China's behavior in the region — from fighting with India at the line of control, to increasing efforts and patrols in the Indian Ocean region — is worrisome to India. "They are aware of that and the traditionally non-aligned country is starting to do more with the United States, with Australia and with Japan," the official said. "India is not going to sign a mutual defense treaty with us any time soon, but they are a major defense partner of the United States and they are trying to become more interoperable with the U.S. military in their military capabilities, their command and control, their information sharing."

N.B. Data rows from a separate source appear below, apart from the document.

lemma relu_net_Suc_common_width:
  fixes n :: nat
  assumes "\<forall>i<n. relu_net (Suc k) (F i)"
  obtains M :: nat and c q where "\<forall>i<n. \<forall>j<M. relu_net k (q i j)"
    and "\<forall>i<n. F i = (\<lambda>x. \<Sum>j<M. c i j * relu (q i j x))"
proof -
  have "\<forall>i<n. \<exists>Ni. \<forall>M::nat. Ni \<le> M \<longrightarrow>
      (\<exists>c q. (\<forall>j<M. relu_net k (q j)) \<and> F i = (\<lambda>x. \<Sum>j<M. c j * relu (q j x)))"
  proof (intro allI impI)
    fix i assume "i < n"
    then have "relu_net (Suc k) (F i)" using assms by blast
    then show "\<exists>Ni. \<forall>M::nat. Ni \<le> M \<longrightarrow>
        (\<exists>c q. (\<forall>j<M. relu_net k (q j)) \<and> F i = (\<lambda>x. \<Sum>j<M. c j * relu (q j x)))"
      by (elim relu_net_Suc_padded) blast
  qed
  then obtain N where N: "\<forall>i<n. \<forall>M::nat. N i \<le> M \<longrightarrow>
      (\<exists>c q. (\<forall>j<M. relu_net k (q j)) \<and> F i = (\<lambda>x. \<Sum>j<M. c j * relu (q j x)))"
    unfolding choice_iff' by blast
  define M where "M = (\<Sum>i<n. N i)"
  have "\<forall>i<n. \<exists>c q. (\<forall>j<M. relu_net k (q j)) \<and> F i = (\<lambda>x. \<Sum>j<M. c j * relu (q j x))"
  proof (intro allI impI)
    fix i assume "i < n"
    then have "N i \<le> M" unfolding M_def by (intro member_le_sum) auto
    with N \<open>i < n\<close> show "\<exists>c q. (\<forall>j<M. relu_net k (q j)) \<and> F i = (\<lambda>x. \<Sum>j<M. c j * relu (q j x))"
      by blast
  qed
  then obtain c q where "\<forall>i<n. (\<forall>j<M. relu_net k (q i j)) \<and> F i = (\<lambda>x. \<Sum>j<M. c i j * relu (q i j x))"
    unfolding choice_iff' by blast
  then show ?thesis
    using that[of M q c] by blast
qed

lemma relu_net_family_realizable:
  assumes "\<forall>i<n. relu_net k (F i)"
  shows "\<exists>W1 Ws. layers_between (length W1) Ws n \<and> (\<forall>x. mlp_eval W1 Ws x = map (\<lambda>i. F i x) [0..<n])"
  using assms
proof (induction k arbitrary: n F)
  case 0
  then have "\<exists>w. \<forall>i<n. F i = (\<lambda>x. w i \<bullet> x)"
    by (simp only: relu_net.simps(1) choice_iff')
  then obtain w where "\<forall>i<n. F i = (\<lambda>x. w i \<bullet> x)"
    by blast
  then have "map (\<lambda>i. F i x) [0..<n] = map (\<lambda>i. w i \<bullet> x) [0..<n]" for x
    by simp
  then show ?case
    by (intro exI[of _ "map w [0..<n]"] exI[of _ "[]"]) (simp add: mlp_eval_def)
next
  case (Suc k)
  obtain M :: nat and c q where q: "\<forall>i<n. \<forall>j<M. relu_net k (q i j)"
    and F_eq: "\<forall>i<n. F i = (\<lambda>x. \<Sum>j<M. c i j * relu (q i j x))"
    by (rule relu_net_Suc_common_width[OF Suc.prems])
  \<comment> \<open>Hidden unit t = i * M + j computes q i j; row i of the new last layer R reads off block i.\<close>
  define Q where "Q t = q (t div M) (t mod M)" for t
  have "\<forall>t<n*M. relu_net k (Q t)"
  proof (intro allI impI)
    fix t assume "t < n*M"
    then have "M > 0" by (cases "M = 0") auto
    with \<open>t < n*M\<close> have "t div M < n" "t mod M < M"
      by (simp_all add: div_less_iff_less_mult)
    then show "relu_net k (Q t)" using q by (simp add: Q_def)
  qed
  then obtain W1 Ws where W: "layers_between (length W1) Ws (n*M)"
      "\<forall>x. mlp_eval W1 Ws x = map (\<lambda>t. Q t x) [0..<n*M]"
    using Suc.IH by blast
  define R where "R = map (\<lambda>i. map (\<lambda>t. if t div M = i then c i (t mod M) else 0) [0..<n*M]) [0..<n]"
  have F: "F i x = (\<Sum>t<n*M. (if t div M = i then c i (t mod M) else 0) * relu (Q t x))"
    if "i < n" for i x
  proof -
    have "(\<Sum>t<n*M. (if t div M = i then c i (t mod M) else 0) * relu (Q t x))
        = (\<Sum>t<n*M. if t div M = i then c i (t mod M) * relu (q i (t mod M) x) else 0)"
      by (intro sum.cong) (auto simp: Q_def)
    also have "\<dots> = (\<Sum>j<M. c i j * relu (q i j x))"
      using sum_lessThan_mult_if_div[OF that, of M "\<lambda>j. c i j * relu (q i j x)"] by simp
    finally show ?thesis using F_eq that by simp
  qed
  show ?case
  proof (intro exI conjI allI)
    show "layers_between (length W1) (Ws @ [R]) n"
      using layers_between_snoc[OF W(1), of R] by (simp add: R_def)
    show "mlp_eval W1 (Ws @ [R]) x = map (\<lambda>i. F i x) [0..<n]" for x
      using W(2) unfolding mlp_eval_def hidden_eval_snoc
      by (simp add: matvec_def R_def F o_def sum_list_map2_times_upt)
  qed
qed

lemma relu_net_realizable:
  assumes "relu_net k g"
  obtains W1 Ws where "homo_mlp_wf W1 Ws" and "homo_mlp_fun W1 Ws = g"
proof -
  obtain W1 Ws where "layers_between (length W1) Ws 1" "\<forall>x. mlp_eval W1 Ws x = [g x]"
    using relu_net_family_realizable[of 1 k "\<lambda>_. g"] assms by auto
  then show ?thesis
    using that by (simp add: homo_mlp_wf_def homo_mlp_fun_def layers_wf_iff_layers_between fun_eq_iff)
qed

section \<open>Two-point interpolation of positively homogeneous functions\<close>

lemma pos_homogeneous_zero:
  fixes f :: "'a::real_vector \<Rightarrow> 'b::real_vector"
  assumes "pos_homogeneous f"
  shows "f 0 = 0"
proof -
  have "f 0 = 2 *\<^sub>R f 0"
    using assms unfolding pos_homogeneous_def by (metis scaleR_zero_right zero_less_numeral)
  then show ?thesis by (simp add: scaleR_2)
qed

lemma pos_homogeneous_on_line:
  fixes f :: "'a::real_vector \<Rightarrow> real"
  assumes "pos_homogeneous f"
  shows "f (c *\<^sub>R x) = f x * relu c + f (-x) * relu (-c)"
proof -
  have hom: "f (a *\<^sub>R y) = a * f y" if "a > 0" for a y
    using assms that unfolding pos_homogeneous_def by simp
  consider "c > 0" | "c = 0" | "c < 0" by linarith
  then show ?thesis
  proof cases
    case 3
    then have "f (c *\<^sub>R x) = f ((-c) *\<^sub>R (-x))" by simp
    then show ?thesis using hom[of "-c" "-x"] 3 by (simp add: relu_def)
  qed (simp_all add: hom relu_def pos_homogeneous_zero[OF assms])
qed

definition line_interpolant :: "(real^'m::finite \<Rightarrow> real) \<Rightarrow> real^'m \<Rightarrow> real^'m \<Rightarrow> real" where
  "line_interpolant f v z = f v * relu ((v \<bullet> z) / (v \<bullet> v)) + f (-v) * relu (- (v \<bullet> z) / (v \<bullet> v))"

lemma relu_net_line_interpolant: "relu_net (Suc 0) (line_interpolant f v)"
proof (rule relu_net_SucI[where n = 2])
  define u where "u = v /\<^sub>R (v \<bullet> v)"
  show "relu_net 0 ([\<lambda>z. u \<bullet> z, \<lambda>z. (-u) \<bullet> z] ! i)" if "i < 2" for i
    using that by (auto simp: less_2_cases_iff fun_eq_iff intro: exI[of _ "-u"])
  show "line_interpolant f v = (\<lambda>z. \<Sum>i<2. [f v, f (-v)] ! i * relu (([\<lambda>z. u \<bullet> z, \<lambda>z. (-u) \<bullet> z] ! i) z))"
    by (simp add: fun_eq_iff numeral_2_eq_2 line_interpolant_def u_def divide_inverse mult.commute)
qed

lemma line_interpolant_on_line:
  assumes "pos_homogeneous f" and "v \<noteq> 0"
  shows "line_interpolant f v (c *\<^sub>R v) = f (c *\<^sub>R v)"
  using assms by (simp add: line_interpolant_def pos_homogeneous_on_line)

lemma inner_interpolates_two_points:
  fixes x y :: "'a::euclidean_space"
  assumes "x \<noteq> 0" and "y \<notin> span {x}"
  shows "\<exists>w. w \<bullet> x = a \<and> w \<bullet> y = b"
proof -
  have "independent {x, y}"
    using assms by (simp add: insert_commute[of x y] independent_insert)
  moreover have "x \<noteq> y" using assms(2) span_base by blast
  ultimately obtain g where g: "linear g" "g x = a" "g y = b"
    using linear_independent_extend[of "{x, y}" "\<lambda>z. if z = x then a else b"] by auto
  have "adjoint g 1 \<bullet> z = g z" for z
    using adjoint_clauses(2)[OF g(1), of 1 z] by simp
  then show ?thesis using g by blast
qed

lemma relu_net_fun_interpolates:
  fixes f :: "real^'m::finite \<Rightarrow> real"
  assumes "pos_homogeneous f"
  shows "\<exists>g. relu_net_fun g \<and> g x = f x \<and> g y = f y"
proof -
  consider "x = 0" "y = 0"
    | v a b where "v \<noteq> 0" "x = a *\<^sub>R v" "y = b *\<^sub>R v"
    | "x \<noteq> 0" "y \<notin> span {x}"
  proof (cases "x = 0")
    case True
    then show ?thesis using that(1) that(2)[of y 0 1] by (cases "y = 0") auto
  next
    case False
    show ?thesis
    proof (cases "y \<in> span {x}")
      case True
      then obtain b where "y = b *\<^sub>R x" by (auto simp: span_singleton)
      then show ?thesis using that(2)[of x 1 b] False by simp
    qed (use False that(3) in blast)
  qed
  then show ?thesis
  proof cases
    case 1
    then show ?thesis
      using pos_homogeneous_zero[OF assms] relu_net_zero unfolding relu_net_fun_def
      by (intro exI[of _ "\<lambda>z. 0"]) auto
  next
    case 2
    then show ?thesis
      using relu_net_line_interpolant line_interpolant_on_line[OF assms]
      unfolding relu_net_fun_def by (intro exI[of _ "line_interpolant f v"]) auto
  next
    case 3
    then obtain w where "w \<bullet> x = f x" "w \<bullet> y = f y"
      using inner_interpolates_two_points by blast
    moreover have "relu_net_fun (\<lambda>z. w \<bullet> z)"
      unfolding relu_net_fun_def by (rule exI[of _ 0]) auto
    ultimately show ?thesis by (intro exI[of _ "\<lambda>z. w \<bullet> z"]) auto
  qed
qed

theorem mainTheorem6:
  fixes X :: "(real^'m) set" and f :: "real^'m \<Rightarrow> real" and \<epsilon> :: real
  assumes "compact X"
    and "continuous_on UNIV f"
    and "pos_homogeneous f"
    and "\<epsilon> > 0"
  shows "\<exists>W1 Ws. homo_mlp_wf W1 Ws \<and> (\<forall>x\<in>X. \<bar>homo_mlp_fun W1 Ws x - f x\<bar> < \<epsilon>)"
proof -
  have "\<exists>g. relu_net_fun g \<and> (\<forall>x\<in>insert 0 X. \<bar>g x - f x\<bar> < \<epsilon>)"
  proof (rule lattice_Stone_Weierstrass)
    show "compact (insert 0 X)" using \<open>compact X\<close> by (rule compact_insert)
    show "continuous_on UNIV g" if "relu_net_fun g" for g :: "real^'m \<Rightarrow> real"
      using that continuous_on_relu_net unfolding relu_net_fun_def by blast
    show "\<exists>g. relu_net_fun g \<and> g x = f x \<and> g y = f y" for x y
      using relu_net_fun_interpolates[OF \<open>pos_homogeneous f\<close>] by blast
  qed (use assms relu_net_fun_max relu_net_fun_min in auto)
  then obtain g k where "relu_net k g" and g: "\<forall>x\<in>X. \<bar>g x - f x\<bar> < \<epsilon>"
    unfolding relu_net_fun_def by blast
  then obtain W1 Ws where "homo_mlp_wf W1 Ws" and "homo_mlp_fun W1 Ws = g"
    by (elim relu_net_realizable)
  then show ?thesis using g by blast
qed

end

This is important because the region is so vast and so varied that no one country can do it alone. The United States will need allies and partners to defend the rules-based architecture that has benefited so many — including China. 

The U.S. center of gravity is the friends and allies who want a free and open Indo-Pacific. China and Russia really do not have a network even close to this. 

U.S. government officials will study the basing of U.S. troops in the region. This doesn't mean bases, but spaces. "We are not looking to reposition large numbers of troops, in large vulnerable concentrations," the official said. "We want to get the virtues of massing without the vulnerabilities of concentration."

This means troops positioning in many different countries in episodic and dynamic ways. The U.S. military doesn't require new and permanent bases in Indonesia and Malaysia, for example. "What we need is episodic places that support operations with our allies and partners," the official said. 

Also, officials do not know China's plans, "and anyone who says they do, is probably being a little disingenuous," officials said. 

People walk on a tarmac looking at large planes.

China has built islands in the South and East China Seas and plunked missiles on top. Chinese leaders talk of unifying Taiwan under Chinese rule, but Taiwan was never part of China.

With Taiwan in particular, Defense Department officials look at Chinese capacity. "Do they have sufficient numbers of the right pieces of equipment necessary to execute what … they would believe would be a successful operation?" 

China has fielded scores of new and modern systems. "Just in 2020, in the midst of all the COVID related stuff, China still commissioned 25 major new ships," the official said.

A second part of this is that while the U.S. military was fighting in Afghanistan and Iraq, "China went to school on us: We're their pacing threat," the official said. 

The Chinese army has training centers similar to those the U.S. has at Fort Irwin, California, and Fort Polk, Louisiana. "They're trying to become joint interoperable," he said. 

All this leads to an erosion of U.S. conventional deterrence. Leadership processes are weak. "We believe in decentralized execution," the official said. "The American GI or Marine fights best when there are hand grenades being thrown at them, and nobody's around to tell them what to do."

China has nothing comparable. Chinese leaders can write excellent plans, but once they confront the unexpected, there will be trouble for them.